Create a resilient sourcing strategy
Strong vendor evaluation and management will significantly reduce your exposure to procurement risk.
Define exactly what you want from your vendors. The easiest way to manage risk is to develop and then standardise a clear set of standards that potential vendors will need to meet before you'll work with them. These standards should include some financial criteria and environmental and social governance (ESG) elements. A resilient sourcing strategy helps minimise risk and enables you to react quickly to any potential threats to the stability of your supply chain.
Increase supply chain visibility
The majority of supply chains involve many different operational stages, and each stage comes with its own risks and challenges. If something goes wrong in any of these stages, you need to know as soon as possible about the potential impact on your business.
The sooner you’re aware of any issues, the sooner you can deal with them and seek to minimise the downstream impact on your own customers. In this context, supply chain visibility means not only knowing where inventory is on its journey through your supply chain but also having clear visibility of the financial health of your suppliers.

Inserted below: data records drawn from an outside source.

lemma cexp_neg_star:
  assumes f: "linear_valued f" "vanishes_below 1 f"
  shows "star (cexp s cf deg e wt (- f)) (cexp s cf deg e wt f) = cunit e"
    and "star (cexp s cf deg e wt f) (cexp s cf deg e wt (- f)) = cunit e"
proof -
  have neg_X: "- f = fps_eval f (- fps_X)" by (simp add: fps_eval_neg fps_eval_X[OF f])
  have "cexp s cf deg e wt (- f) = fps_eval (fps_eval f (- fps_X)) (fps_exp 1)"
    unfolding cexp_eq_fps_eval neg_X[symmetric] ..
  also have "\<dots> = fps_eval f (fps_exp 1 oo (- fps_X))"
    by (rule fps_eval_compose[OF f, symmetric]) simp
  finally have neg: "fps_eval (- f) (fps_exp 1) = fps_eval f (fps_exp (-1))"
    by (simp add: cexp_eq_fps_eval)
  show "star (cexp s cf deg e wt (- f)) (cexp s cf deg e wt f) = cunit e"
    "star (cexp s cf deg e wt f) (cexp s cf deg e wt (- f)) = cunit e"
    unfolding cexp_eq_fps_eval neg fps_eval_mult[OF f, symmetric] fps_exp_add_mult[symmetric]
    by (simp_all add: fps_eval_one)
qed

section \<open>The adjoint action\<close>

definition parity_sign :: "int \<Rightarrow> 'k" where
  "parity_sign n = (if even n then 1 else -1)"

definition sign_twist :: "('b \<Rightarrow> 'v \<Rightarrow> 'v) \<Rightarrow> 'b \<Rightarrow> 'v \<Rightarrow> 'v" where
  "sign_twist f = (\<lambda>b x. s (parity_sign (deg b)) (f b x))"

lemma cstar_minus_one: "cstar s cf deg (-1) f g = star (sign_twist f) g"
  by (intro ext) (simp add: cstar_def sign_twist_def parity_sign_def split_def)

lemma linear_valued_sign_twist: "linear_valued f \<Longrightarrow> linear_valued (sign_twist f)"
  unfolding linear_valued_def sign_twist_def by (intro allI module_hom_scale) auto

lemma vanishes_below_sign_twist: "vanishes_below m f \<Longrightarrow> vanishes_below m (sign_twist f)"
  by (simp add: vanishes_below_def sign_twist_def)

lemma sign_twist_star:
  assumes f: "linear_valued f" shows "sign_twist (star f g) = star (sign_twist f) (sign_twist g)"
proof (intro ext)
  fix b x
  show "sign_twist (star f g) b x = star (sign_twist f) (sign_twist g) b x"
    unfolding sign_twist_def star_apply scale_sum_right
  proof (rule sum.cong[OF refl], clarify)
    fix b1 b2 assume "(b1, b2) \<in> cop_supp cf b"
    then have "deg b = deg b1 + deg b2" using cf_deg by (simp add: cop_supp_def)
    moreover have "parity_sign (m + n) = parity_sign m * parity_sign n" for m n
      by (auto simp: parity_sign_def)
    ultimately show "s (parity_sign (deg b)) (s (cf b b1 b2) (f b1 (g b2 x))) =
       s (cf b b1 b2) (s (parity_sign (deg b1)) (f b1 (s (parity_sign (deg b2)) (g b2 x))))"
      by (simp add: linear_scale[OF linear_valuedD[OF f]] mult.commute mult.left_commute)
  qed
qed

lemma sign_twist_cunit: "sign_twist (cunit e) = cunit e"
  by (intro ext) (simp add: sign_twist_def cunit_apply deg_e parity_sign_def)

lemma sign_twist_cpow: "linear_valued w \<Longrightarrow> sign_twist (cpower k w) = cpower k (sign_twist w)"
  by (induct k) (simp_all add: sign_twist_cunit sign_twist_star)

lemma sign_twist_fps_eval:
  assumes "linear_valued w" shows "sign_twist (fps_eval w p) = fps_eval (sign_twist w) p"
proof (intro ext)
  fix b x
  have "cpower k (sign_twist w) b x = s (parity_sign (deg b)) (cpower k w b x)" for k
    using sign_twist_cpow[OF assms] by (metis sign_twist_def)
  then show "sign_twist (fps_eval w p) b x = fps_eval (sign_twist w) p b x"
    by (simp add: sign_twist_def fps_eval_def scale_sum_right mult.commute)
qed

lemma cad_minus_one: "linear_valued y \<Longrightarrow> cad s cf deg (-1) lam y = star (sign_twist lam) y + star y (- lam)"
  by (intro ext) (simp add: cad_def cstar_minus_one star_neg_right)

lemma cad_sum:
  assumes "linear_valued lam" "\<And>i. i \<in> A \<Longrightarrow> linear_valued (F i)"
  shows "cad s cf deg (-1) lam (\<Sum>i\<in>A. cscale (c i) (F i)) = (\<Sum>i\<in>A. cscale (c i) (cad s cf deg (-1) lam (F i)))"
  using assms
  by (simp add: cad_minus_one linear_valued_sum linear_valued_cscale star_sum_left star_sum_right
      linear_valued_sign_twist star_cscale_left star_cscale_right cscale_sum cscale_add_right sum.distrib)

text \<open>The terms of the binomial expansion of the powers of \<open>ad \<lambda>\<close>.\<close>

definition ad_term :: "('b \<Rightarrow> 'v \<Rightarrow> 'v) \<Rightarrow> ('b \<Rightarrow> 'v \<Rightarrow> 'v) \<Rightarrow> nat \<Rightarrow> nat \<Rightarrow> 'b \<Rightarrow> 'v \<Rightarrow> 'v" where
  "ad_term lam x i j = star (star (cpower i (sign_twist lam)) x) (cpower j (- lam))"

context
  fixes lam x :: "'b \<Rightarrow> 'v \<Rightarrow> 'v"
  assumes lam: "linear_valued lam" and x: "linear_valued x"
begin

lemma linear_valued_ad_term: "linear_valued (ad_term lam x i j)"
  unfolding ad_term_def
  by (intro linear_valued_star linear_valued_cpow linear_valued_sign_twist linear_valued_neg lam x)

lemma cad_ad_term: "cad s cf deg (-1) lam (ad_term lam x i j) = ad_term lam x (Suc i) j + ad_term lam x i (Suc j)"
proof -
  have "star (sign_twist lam) (ad_term lam x i j) = ad_term lam x (Suc i) j"
    unfolding ad_term_def
    by (simp add: star_assoc linear_valued_sign_twist linear_valued_cpow linear_valued_star lam x)
  moreover have "star (ad_term lam x i j) (- lam) = ad_term lam x i (Suc j)"
    unfolding ad_term_def
    using cpow_Suc_right[OF linear_valued_neg[OF lam], of j]
    by (simp add: star_assoc linear_valued_star linear_valued_cpow linear_valued_sign_twist
        linear_valued_neg lam x del: cpow.simps)
  ultimately show ?thesis by (simp add: cad_minus_one linear_valued_ad_term)
qed

lemma cad_power_expansion:
  "(cad s cf deg (-1) lam ^^ k) x = (\<Sum>i\<le>k. cscale (of_nat (k choose i)) (ad_term lam x i (k - i)))"
proof (induct k)
  case 0
  have "ad_term lam x 0 0 = x" unfolding ad_term_def by (simp add: star_unit_left star_unit_right x)
  then show ?case by (simp add: cscale_one)
next
  case (Suc k)
  let ?T = "ad_term lam x"
  have "(cad s cf deg (-1) lam ^^ Suc k) x
      = (\<Sum>i\<le>k. cscale (of_nat (k choose i)) (?T (Suc i) (k - i)))
        + (\<Sum>i\<le>k. cscale (of_nat (k choose i)) (?T i (Suc k - i)))"
    by (simp add: Suc cad_sum lam linear_valued_ad_term cad_ad_term cscale_add_right sum.distrib
        Suc_diff_le)
  also have "(\<Sum>i\<le>k. cscale (of_nat (k choose i)) (?T i (Suc k - i)))
      = ?T 0 (Suc k) + (\<Sum>i\<le>k. cscale (of_nat (k choose Suc i)) (?T (Suc i) (k - i)))"
  proof -
    have "(\<Sum>i\<le>k. cscale (of_nat (k choose i)) (?T i (Suc k - i)))
        = (\<Sum>i\<le>Suc k. cscale (of_nat (k choose i)) (?T i (Suc k - i)))"
      by (simp add: cscale_zero binomial_eq_0)
    also have "\<dots> = ?T 0 (Suc k) + (\<Sum>i\<le>k. cscale (of_nat (k choose Suc i)) (?T (Suc i) (k - i)))"
      by (subst sum.atMost_Suc_shift) (simp add: cscale_one del: sum.atMost_Suc)
    finally show ?thesis .
  qed
  also have "(\<Sum>i\<le>k. cscale (of_nat (k choose i)) (?T (Suc i) (k - i)))
      + (?T 0 (Suc k) + (\<Sum>i\<le>k. cscale (of_nat (k choose Suc i)) (?T (Suc i) (k - i))))
      = (\<Sum>i\<le>Suc k. cscale (of_nat (Suc k choose i)) (?T i (Suc k - i)))"
    by (subst sum.atMost_Suc_shift)
      (simp add: cscale_one cscale_add_left sum.distrib ac_simps del: sum.atMost_Suc)
  finally show ?case .
qed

Use financial analysis software such as the Company Watch platform to acquire financial reports during your vendor selection process to help you choose financially stable suppliers. For critical suppliers, you should also try to glean some visibility on their supply chain and undertake some due diligence on these upstream suppliers. This will allow you to spot any potential risks that may affect your supplier’s ability to complete a contract before disruption materialises.
Define metrics for tracking supplier performance
A supplier dashboard highlighting key metrics which are important for your organisation is a useful way of seeing at a glance which suppliers may need additional attention. Having a common set of metrics can help you understand which parts of your supply chain are potentially vulnerable.
Stay on top
There is no doubt that procurement automation and the use of innovative technology can play a very important role in reducing procurement risk. But at Company Watch we believe that these tools provide the toolkit which you can use to manage risk in the most appropriate way for your organisation. No one knows the needs of your business and supply chains as well as you do - automation and risk management software can arm you with the information and analysis you need to talk to your suppliers and work with them to ensure that the partnership is still delivering what it needs to for both parties.
Procurement risks will always exist, no matter how well you mitigate and manage them. Therefore be proactive by addressing key risks and problems as, or ideally before, they arise. This then puts you in the best possible position to protect your business and customers from the potential impacts.